What appears at first sight like a solid way to kill some spare time, however, has morphed into a diplomatic flash point. First, India banned it, citing security concerns related to user data being harvested by ByteDance, the Chinese-owned company behind TikTok. It’s a mix of legitimate concern and political theater as China expands its power globally. U.S. President Donald Trump has warned that he might impose similar restrictions.
The Japanese government is also considering something similar. While the rhetoric around potential regulations isn’t as fiery as it might be elsewhere in the world, lawmakers in Japan have already pointed out TikTok’s data risks, and the Chinese government has also warned that a potential ban could impact relations between the two nations.
Plenty of media attention has focused on these broader issues, but netizens in Japan — including TikTok users, a growing demographic that has helped make it a permanent fixture in the most-downloaded rankings — have shared their own reactions to the proposed restrictions, showing both how important the app is and that TikTok’s rise represents something of a divide in how people use the internet in Japan.
A good snapshot of how people on all sides could be affected by potential TikTok regulation can be found in a Nikkei article about how it could impact high school girls. The key quote comes from a 16-year-old student in Kanagawa Prefecture, who said if you can’t use the app, you can’t live. This predictably became something to make fun of on bulletin boards and Twitter, with many highlighting the absurdity of such a claim.

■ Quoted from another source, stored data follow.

lemma set_diff_mk_Pq_UNIV:
  fixes s :: "'a::banach \<Rightarrow> 'a \<Rightarrow> real"
  assumes S: "SSDB s" and f: "lsc_fun f" "BC_fun s f" and g: "lsc_fun g" "BC_fun s g"
    and \<rho>: "bounded_linear \<rho>" "bij \<rho>" "\<And>b c. s (\<rho> b) (\<rho> c) = s b (- c)"
    and dom: "set_diff_mk (edom f) (\<rho> -` edom g) = UNIV"
  shows "set_diff_mk (Pq s f) (\<rho> -` Pq s g) = UNIV"
proof -
  have f_proper: "\<And>a. f a \<noteq> -\<infinity>" and g_proper: "\<And>a. g a \<noteq> -\<infinity>"
    using f(2) g(2) unfolding BC_fun_def proper_fun_def by blast+
  have "x \<in> set_diff_mk (Pq s f) (\<rho> -` Pq s g)" for x
  proof -
    obtain z where z: "\<And>a c. ereal (- qf s x + s (a - c) z) \<le> (f a - ereal (s a x)) + g (\<rho> (c - x))"
      using BC_attouch_brezis[OF S f g \<rho>(1,3) dom] by blast
    have "ereal (s a (x + z) + s d (\<rho> z) - (qf s (x + z) + qf s (\<rho> z))) \<le> f a + g d" for a d
    proof -
      obtain c where c: "\<rho> c = d" using bij_is_surj[OF \<rho>(2)] by (metis surjD)
      have "s d (\<rho> z) = - s c z" using \<rho>(3)[of c z] c by (simp add: SSDB_bilinear[OF S])
      then have "- qf s x + s (a - (c + x)) z + s a x = s a (x + z) + s d (\<rho> z) - (qf s (x + z) + qf s (\<rho> z))"
        unfolding qf_reversing[OF S \<rho>(3)] unfolding qf_def
        by (simp add: SSDB_bilinear[OF S] SSDB_sym[OF S, of z x] field_simps)
      moreover have "ereal (- qf s x + s (a - (c + x)) z) \<le> f a - ereal (s a x) + g d"
        using z[of a "c + x"] c by simp
      ultimately show ?thesis using f_proper[of a] g_proper[of d]
        by (cases "f a"; cases "g d") (auto simp: algebra_simps)
    qed
    then have "x + z \<in> Pq s f" "\<rho> z \<in> Pq s g" using Pq_if_coupled[OF f(2) g(2)] by blast+
    then show ?thesis unfolding set_diff_mk_def by (intro CollectI exI[of _ "x + z"] exI[of _ z]) simp
  qed
  then show ?thesis by blast
qed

While perhaps a touch dramatic, that quote isn’t altogether wrong. TikTok is much more than a digital warehouse for dance challenges. It’s a social media platform in its own right, offering what Facebook or Twitter offer for a younger audience. It can provide entertainment, a place to showcase one’s own artistic endeavors and develop connections with others. It can even be a source for different perspectives on breaking news — TikTok offered first-hand footage of the flooding in Kyushu in July, showing to many on the app just how serious it was taking itself.
It’s understandable why users could be shaken by restrictions. One report courtesy of Abema TV found popular creator sayansa34 expressing confusion over potential regulations, and noting that even though other visual-first platforms such as Instagram and YouTube exist, they simply aren’t the same. She, like others, has devoted a lot of time into the social media platform, and to see it change suddenly would be heartbreaking.
Ironically, a trending phrase on Twitter from users who mostly dislike TikTok underlines how important these types of websites are to people. Once reports emerged that Twitter itself was interested in purchasing the U.S. operating unit of TikTok, a phrase opposing the partnership climbed the trending rankings in Japan. Many Twitter natives didn’t appear to like what the new future might be like, and used a hashtag to express how they didn’t want a flood of young users on Twitter, while also making a few jokes (others noted, correctly, that Twitter users seemed way more aggressive about this than anyone on the short-form video service).
Twitter users simply wanted to maintain the social sphere they had used for so long — which is exactly what TikTok users also desire. As tempting as it is to write off these platforms as online ephemera, many people have developed deep connections with them, and they’ve become part of daily life. Security concerns are real, but it’s important to take an empathetic look on how losing these platforms could impact people.
This situation, though, might just reflect the harsh realities of social media. TV personality Mina Ogawa wrote an illuminating blog post on Ameba TV about the TikTok situation, arguing that the app will ultimately undergo some form of restriction, as Japan generally follows the United States’ lead. However, she thinks people shouldn’t simply rely on just one platform, because they can vanish or change at any minute, adding that the situation is probably true even for platforms such as YouTube. One could even make the argument that being online in the 21st century is most likely to end in heartbreak for all concerned.